In the (suitably deserted) rooms set up for the “Hengshan Daoist Music Training Bases” at Li Manshan’s house and next to Li Bin’s funeral shop in town, alongside a hilarious list of rules of attendance, punctuality, and so on, a fading poster gathers dust (cf. Ian Johnson, The souls of China, pp.141–2):
Thirteenth Five-Year Guideline [2] for the Innovation and Development of Hengshan Daoist Music
Its whole conceptual language—almost every single phrase in its vocabulary—is that of state apparatchiks, of national secular education; and as such it is familiar to Yanggao dwellers. But it’s entirely alien to the culture to which Daoist ritual belongs. I grit my teeth to translate it, but here goes (it’s not even entirely grammatical, and I’m sure not going to try and improve it):
- 1) To hold four Beginners’ Training Sessions, with sixty pupils, focusing on the commonly-played melodies of Hengshan Daoist Music, the playing techniques of shengguan, and the mutual combination of civil and martial arenas.

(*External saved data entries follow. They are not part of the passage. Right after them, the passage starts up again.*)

(* Let $x,y$ be non-commuting indeterminates and $C=xyx^{-1}y^{-1}$. Let $(R_n)_{n\in\mathbb Z}$ satisfy $$R_{2n}CR_{2n-2}=1+R_{2n-1},\qquad R_{2n+1}CR_{2n-1}=1+R_{2n}^4\qquad(n\in\mathbb Z),$$ with $R_0=yxy^{-1}$ and $R_1=y$, and set $u_n=R_{2n}$, so that $u_0=yxy^{-1}$. Define $$y_1=(1+y)x^{-1}yx^{-1}y^{-1},$$ $$y_2=\big(x^2+(1+y)x^{-2}(1+y)\big)y^{-1}x^{-1}yx^{-1}y^{-1},$$ $$y_3=\big(x^3+(1+y)x^{-1}\big)x^{-1}y^{-1}.$$ Then, as formal power series in a central variable $t$, $$\sum_{n\ge0}t^nu_n=\Big(1-ty_1-t^2(1-ty_3)^{-1}y_2\Big)^{-1}u_0.$$
   Context: Work in the free skew field (non-commutative rational functions) over $\mathbb C$ generated by $x,y$. The variable $t$ is a formal variable commuting with everything, and inverses of $1-(\text{terms of positive }t\text{-degree})$ are expanded as geometric series. *)

theory Defs
  imports Complex_Main "HOL-Computational_Algebra.Formal_Power_Series"
begin

text \<open>Free associative algebra C<x,y>: words over {x,y} are bool lists
  (False = x, True = y); an element is a finitely supported coefficient function.\<close>

type_synonym fa = "bool list \<Rightarrow> complex"

definition fa_poly :: "fa \<Rightarrow> bool" where
  "fa_poly p \<longleftrightarrow> finite {w. p w \<noteq> 0}"

definition fa_mult :: "fa \<Rightarrow> fa \<Rightarrow> fa" where
  "fa_mult p q = (\<lambda>w. \<Sum>k\<le>length w. p (take k w) * q (drop k w))"

definition word_eval :: "'a::ring_1 \<Rightarrow> 'a \<Rightarrow> bool list \<Rightarrow> 'a" where
  "word_eval a b w = foldr (\<lambda>c r. (if c then b else a) * r) w 1"

definition fa_eval :: "(complex \<Rightarrow> 'a::ring_1) \<Rightarrow> 'a \<Rightarrow> 'a \<Rightarrow> fa \<Rightarrow> 'a" where
  "fa_eval \<phi> a b p = (\<Sum>w\<in>{w. p w \<noteq> 0}. \<phi> (p w) * word_eval a b w)"

definition fa_full :: "nat \<Rightarrow> (nat \<Rightarrow> nat \<Rightarrow> fa) \<Rightarrow> bool" where
  "fa_full n M \<longleftrightarrow> \<not> (\<exists>r<n. \<exists>P Q.
      (\<forall>i j. fa_poly (P i j)) \<and> (\<forall>i j. fa_poly (Q i j)) \<and>
      (\<forall>i<n. \<forall>j<n. (\<forall>w. M i j w = (\<Sum>k<r. fa_mult (P i k) (Q k j) w))))"

definition mat_invertible :: "nat \<Rightarrow> (nat \<Rightarrow> nat \<Rightarrow> 'a::ring_1) \<Rightarrow> bool" where
  "mat_invertible n A \<longleftrightarrow> (\<exists>B.
      (\<forall>i<n. \<forall>j<n. (\<Sum>k<n. A i k * B k j) = (if i = j then 1 else 0)) \<and>
      (\<forall>i<n. \<forall>j<n. (\<Sum>k<n. B i k * A k j) = (if i = j then 1 else 0)))"

text \<open>Cohn's characterization: phi makes D a C-algebra (C central), and the
  induced map C<x,y> -> D is fully inverting, so the sub-division-ring of D
  generated by C, x, y is the free skew field on x, y.\<close>
definition free_skew_field :: "(complex \<Rightarrow> 'a::division_ring) \<Rightarrow> 'a \<Rightarrow> 'a \<Rightarrow> bool" where
  "free_skew_field \<phi> x y \<longleftrightarrow>
     (\<forall>a b. \<phi> (a + b) = \<phi> a + \<phi> b) \<and> (\<forall>a b. \<phi> (a * b) = \<phi> a * \<phi> b) \<and> \<phi> 1 = 1 \<and>
     (\<forall>c d. \<phi> c * d = d * \<phi> c) \<and>
     (\<forall>n M. (\<forall>i<n. \<forall>j<n. fa_poly (M i j)) \<and> fa_full n M \<longrightarrow>
        mat_invertible n (\<lambda>i j. fa_eval \<phi> x y (M i j)))"

end

theory Submission
  imports Defs
begin

text \<open>
  With C = x y x\<inverse> y\<inverse>, neighbouring terms twist-commute, R(k) R(k+1) = R(k+1) C R(k):
  this holds for k = 0 and propagates along the recurrence. Using it, the ratio
  (u(n+2) + C u(n)) u(n+1)\<inverse> can be written as one and the same rational expression G
  both in the pair (R(2n+2), R(2n+3)) and in the pair (R(2n), R(2n+1)). Hence
  G(R(2n), R(2n+1)) is conserved, and u(n+2) = G(R(0), R(1)) u(n+1) - C u(n).
  As G(R(0), R(1)) = y1 + y3, C = y3 y1 - y2 and u(1) = y1 u(0), this linear recurrence
  has the stated generating function. Freeness enters only to show that no R(k) vanishes:
  otherwise C would be a scalar.
\<close>

unbundle fps_syntax

lemma inverse_mult_cancel_left: "(a::'a::division_ring) \<noteq> 0 \<Longrightarrow> inverse a * (a * b) = b"
  by (simp add: mult.assoc[symmetric])

lemma mult_inverse_cancel_left: "(a::'a::division_ring) \<noteq> 0 \<Longrightarrow> a * (inverse a * b) = b"
  by (simp add: mult.assoc[symmetric])

lemma eq_mult_inverse_right: "(a::'a::division_ring) \<noteq> 0 \<Longrightarrow> b * a = d \<Longrightarrow> b = d * inverse a"
  by (simp add: nonzero_eq_divide_eq flip: divide_inverse)

lemma eq_inverse_mult_left: "(a::'a::division_ring) \<noteq> 0 \<Longrightarrow> a * b = d \<Longrightarrow> b = inverse a * d"
  by (metis inverse_mult_cancel_left)

lemma twisted_comm_solve:
  fixes a b c :: "'a::division_ring"
  assumes "a \<noteq> 0" "b \<noteq> 0" "a * b = b * c * a"
  shows "c = inverse b * a * b * inverse a"
  using assms by (simp add: mult.assoc inverse_mult_cancel_left mult_inverse_cancel_left)

lemma twisted_comm_step:
  fixes a b c d :: "'a::division_ring"
  assumes ab: "a * b = b * c * a" and d: "d * c * a = 1 + b ^ m" and ca: "c * a \<noteq> 0"
  shows "b * d = d * c * b"
proof -
  have "(b * d) * (c * a) = b * (d * c * a)"
    by (simp add: mult.assoc)
  also have "\<dots> = (d * c * a) * b"
    unfolding d by (simp add: distrib_left distrib_right power_commutes)
  also have "\<dots> = (d * c * b) * (c * a)"
    by (simp add: mult.assoc ab[unfolded mult.assoc])
  finally show ?thesis
    using ca by simp
qed

text \<open>For (p, q) = (R(2n), R(2n+1)) this is the G of the header.\<close>

definition conserved_quantity :: "'a::division_ring \<Rightarrow> 'a \<Rightarrow> 'a" where
  "conserved_quantity p q = (1 + inverse q) * inverse p * (1 + q) * inverse p + inverse q * p\<^sup>2"

text \<open>In the next lemmas B, q, p, Q, A play the roles of R(2n), ..., R(2n+4).\<close>

lemma conserved_quantity_upper:
  fixes p Q A B q c :: "'a::division_ring"
  assumes p: "p \<noteq> 0" and Q: "Q \<noteq> 0" and pQ: "p * Q = Q * c * p"
    and rel_A: "A * c * p = 1 + Q" and rel_p: "p * c * B = 1 + q" and rel_Q: "Q * c * q = 1 + p ^ 4"
  shows "(A + c * B) * inverse p = conserved_quantity p Q"
proof -
  have c: "c = inverse Q * p * Q * inverse p"
    using p Q pQ by (rule twisted_comm_solve)
  have "A = (1 + Q) * inverse (c * p)"
    using rel_A p Q c by (auto intro: eq_mult_inverse_right simp: mult.assoc)
  also have "\<dots> = (1 + inverse Q) * inverse p * Q"
    using p Q
    by (simp add: c nonzero_inverse_mult_distrib algebra_simps
        inverse_mult_cancel_left mult_inverse_cancel_left)
  finally have A': "A = (1 + inverse Q) * inverse p * Q" .
  have cB: "c * B = inverse p * (1 + q)"
    using p rel_p by (intro eq_inverse_mult_left) (simp_all add: mult.assoc)
  have "q = inverse (Q * c) * (1 + p ^ 4)"
    using rel_Q p Q c by (intro eq_inverse_mult_left) (auto simp: mult.assoc)
  also have "\<dots> = p * inverse Q * inverse p * (1 + p ^ 4)"
    using p Q by (simp add: c nonzero_inverse_mult_distrib mult.assoc mult_inverse_cancel_left)
  finally have q': "q = p * inverse Q * inverse p * (1 + p ^ 4)" .
  show ?thesis
    unfolding A' cB q' conserved_quantity_def using p Q
    by (simp add: algebra_simps inverse_mult_cancel_left mult_inverse_cancel_left
        power2_eq_square power4_eq_xxxx)
qed

lemma ratio_in_middle_pair:
  fixes p Q A B q c :: "'a::division_ring"
  assumes q0: "q \<noteq> 0" and p0: "p \<noteq> 0" and qp: "q * p = p * c * q"
    and rel_A: "A * c * p = 1 + Q" and rel_p: "p * c * B = 1 + q" and rel_Q: "Q * c * q = 1 + p ^ 4"
  shows "(A + c * B) * inverse p
    = inverse p * (1 + q) * inverse p * (1 + inverse q) + p\<^sup>2 * inverse q"
proof -
  have c: "c = inverse p * q * p * inverse q"
    using q0 p0 qp by (rule twisted_comm_solve)
  have "Q = (1 + p ^ 4) * inverse (c * q)"
    using rel_Q q0 p0 c by (auto intro: eq_mult_inverse_right simp: mult.assoc)
  also have "\<dots> = (1 + p ^ 4) * inverse p * inverse q * p"
    using p0 q0 by (simp add: c nonzero_inverse_mult_distrib mult.assoc inverse_mult_cancel_left)
  finally have Q': "Q = (1 + p ^ 4) * inverse p * inverse q * p" .
  have "A = (1 + Q) * inverse (c * p)"
    using rel_A p0 q0 c by (auto intro: eq_mult_inverse_right simp: mult.assoc)
  also have "\<dots> = (1 + Q) * inverse p * q * inverse p * inverse q * p"
    using p0 q0 by (simp add: c nonzero_inverse_mult_distrib mult.assoc)
  finally have A': "A = (1 + Q) * inverse p * q * inverse p * inverse q * p" .
  have cB: "c * B = inverse p * (1 + q)"
    using p0 rel_p by (intro eq_inverse_mult_left) (simp_all add: mult.assoc)
  show ?thesis
    unfolding A' cB Q' using p0 q0
    by (simp add: algebra_simps inverse_mult_cancel_left mult_inverse_cancel_left
        power2_eq_square power4_eq_xxxx)
qed

lemma conserved_quantity_from_middle_pair:
  fixes p B q c :: "'a::division_ring"
  assumes B0: "B \<noteq> 0" and q0: "q \<noteq> 0" and p0: "p \<noteq> 0"
    and Bq: "B * q = q * c * B" and rel_p: "p * c * B = 1 + q"
  shows "conserved_quantity B q
    = inverse p * (1 + q) * inverse p * (1 + inverse q) + p\<^sup>2 * inverse q"
proof -
  have "p * inverse q * B * q = p * c * B"
    using B0 by (simp add: twisted_comm_solve[OF B0 q0 Bq] mult.assoc)
  then have "p * inverse q * B = (1 + q) * inverse q"
    using q0 rel_p by (intro eq_mult_inverse_right) simp_all
  then have pqB: "p * inverse q * B = 1 + inverse q"
    using q0 by (simp add: algebra_simps)
  then have piq: "p * inverse q = (1 + inverse q) * inverse B"
    by (rule eq_mult_inverse_right[OF B0])
  have ip: "inverse p * (1 + inverse q) = inverse q * B"
    using p0 pqB by (intro eq_inverse_mult_left [symmetric]) (simp_all add: mult.assoc)
  have "inverse p * (1 + q) * inverse p * (1 + inverse q) = inverse p * ((1 + q) * inverse q) * B"
    by (simp add: ip mult.assoc)
  also have "(1 + q) * inverse q = 1 + inverse q"
    using q0 by (simp add: algebra_simps)
  also have "inverse p * (1 + inverse q) * B = inverse q * B\<^sup>2"
    by (simp add: ip power2_eq_square mult.assoc)
  finally have first_term: "inverse p * (1 + q) * inverse p * (1 + inverse q) = inverse q * B\<^sup>2" .
  have "p\<^sup>2 * inverse q = p * inverse q * (1 + q) * inverse B"
  proof -
    have "p * inverse q * (1 + q) = p * (1 + inverse q)"
      using q0 by (simp add: algebra_simps)
    then show ?thesis
      by (simp add: power2_eq_square piq mult.assoc)
  qed
  also have "\<dots> = (1 + inverse q) * inverse B * (1 + q) * inverse B"
    by (simp add: piq)
  finally show ?thesis
    unfolding first_term conserved_quantity_def by (simp add: add.commute)
qed

lemma conserved_quantity_lower:
  fixes p Q A B q c :: "'a::division_ring"
  assumes "B \<noteq> 0" "q \<noteq> 0" "p \<noteq> 0" "B * q = q * c * B" "q * p = p * c * q"
    and "A * c * p = 1 + Q" "p * c * B = 1 + q" "Q * c * q = 1 + p ^ 4"
  shows "(A + c * B) * inverse p = conserved_quantity B q"
  using ratio_in_middle_pair[of q p c A Q B] conserved_quantity_from_middle_pair[of B q p c] assms
  by simp

lemma twisted_recurrence_nonzero:
  fixes R :: "nat \<Rightarrow> 'a::division_ring"
  assumes rec_even: "\<And>n. R (2*n + 2) * c * R (2*n) = 1 + R (2*n + 1)"
    and rec_odd: "\<And>n. R (2*n + 3) * c * R (2*n + 1) = 1 + R (2*n + 2) ^ 4"
    and "R 0 \<noteq> 0" "R 1 \<noteq> 0" and "c \<noteq> 1"
    and not_between: "\<And>s t. s ^ 4 = -1 \<Longrightarrow> t ^ 4 = -1 \<Longrightarrow> t * c * s \<noteq> 1"
  shows "R k \<noteq> 0"
proof -
  have minus_one: "b = -1" if "1 + b = 0" for b :: 'a
    using that by (simp add: eq_neg_iff_add_eq_0 add.commute)
  have rec_even': "R (2*n + 4) * c * R (2*n + 2) = 1 + R (2*n + 3)" for n
    using rec_even[of "n + 1"] by (simp add: numeral_eq_Suc)
  have rec_odd': "R (2*n + 5) * c * R (2*n + 3) = 1 + R (2*n + 4) ^ 4" for n
    using rec_odd[of "n + 1"] by (simp add: numeral_eq_Suc)
  have even: "R (2*m + 2) \<noteq> 0" for m
  proof
    assume "R (2*m + 2) = 0"
    then have "R (2*m + 3) = -1" "R (2*m + 1) = -1" "R (2*m + 3) * c * R (2*m + 1) = 1"
      using rec_even'[of m] rec_even[of m] rec_odd[of m] by (auto intro: minus_one)
    with \<open>c \<noteq> 1\<close> show False by simp
  qed
  have odd: "R (2*m + 3) \<noteq> 0" for m
  proof
    assume "R (2*m + 3) = 0"
    then have "R (2*m + 2) ^ 4 = -1" "R (2*m + 4) ^ 4 = -1" "R (2*m + 4) * c * R (2*m + 2) = 1"
      using rec_odd[of m] rec_odd'[of m] rec_even'[of m] by (auto intro: minus_one)
    with not_between show False by blast
  qed
  have "k = 0 \<or> k = 1 \<or> (\<exists>m. k = 2*m + 2 \<or> k = 2*m + 3)"
    by presburger
  then show ?thesis
    using even odd \<open>R 0 \<noteq> 0\<close> \<open>R 1 \<noteq> 0\<close> by blast
qed

lemma fps_second_order_recurrence:
  fixes u :: "nat \<Rightarrow> 'a::ring_1"
  assumes rec: "\<And>n. u (n + 2) = a * u (n + 1) - b * u n"
  shows "(1 - fps_X * fps_const a + fps_X\<^sup>2 * fps_const b) * Abs_fps u
    = fps_const (u 0) + fps_X * fps_const (u 1 - a * u 0)"
proof (rule fps_ext)
  fix n :: nat
  consider "n = 0" | "n = 1" | k where "n = k + 2"
    by (metis One_nat_def add_2_eq_Suc' not0_implies_Suc)
  then show "((1 - fps_X * fps_const a + fps_X\<^sup>2 * fps_const b) * Abs_fps u) $ n
    = (fps_const (u 0) + fps_X * fps_const (u 1 - a * u 0)) $ n"
    by cases (simp_all add: algebra_simps fps_X_power_mult_nth fps_const_mult_left rec[simplified])
qed

lemma fps_const_mult_fps_X_left_commute:
  fixes c :: "'a::ring_1"
  shows "fps_const c * (fps_X * f) = fps_X * (fps_const c * f)"
  by (simp only: mult.assoc[symmetric] fps_mult_fps_X_commute[of "fps_const c"])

- 2) To hold a relatively advanced Pupils’ Training Session, choosing forty pupils of outstanding achievement from the elementary and intermediate classes. Focus on training in the theory of Hengshan Daoist Music, the classic suites and supporting pieces, and the various performing contexts of Daoist Music. Further, to systematically train twenty from these forty pupils of outstanding achievement to train and transmit.
- 3) Mainly with these forty outstanding pupils, each leading one band [sic], to establish a Yanggao Hengshan [sic] Daoist Music Performing Arts Group [“group”: jituan, a term adopted from the business world] to make Hengshan Daoist Music flourish on the basis of transmission, setting forth outside Yanggao towards national influence and stepping onto the world musical stage.
I can only repeat: Daoist ritual in Yanggao is nothing to do with Hengshan, it’s not Daoist Music, and it’s neither a Troupe nor a Performing Arts Group.
The good news is that none of this flummery has come to pass, and none of it will: it’s not only misguided, but largely futile. As I’ve observed, knowing the life involved in working as a Daoist, no “pupils” with any sense could possibly want to take it up.
[1] This is based on my book, pp.176–7. In Yanggao and elsewhere there are a few jushi lay devotees who seek to lead their lives according to the precepts of ancient Daoist wisdom, but here the issue of “belief” is not relevant; and since those who only determine the date and decorate coffins are also known as yinyang, I use the term “Daoists” to describe yinyang who perform rituals.
[2] That is, the current national Five-Year Plan from 2016, thirteenth since the system was established in 1953.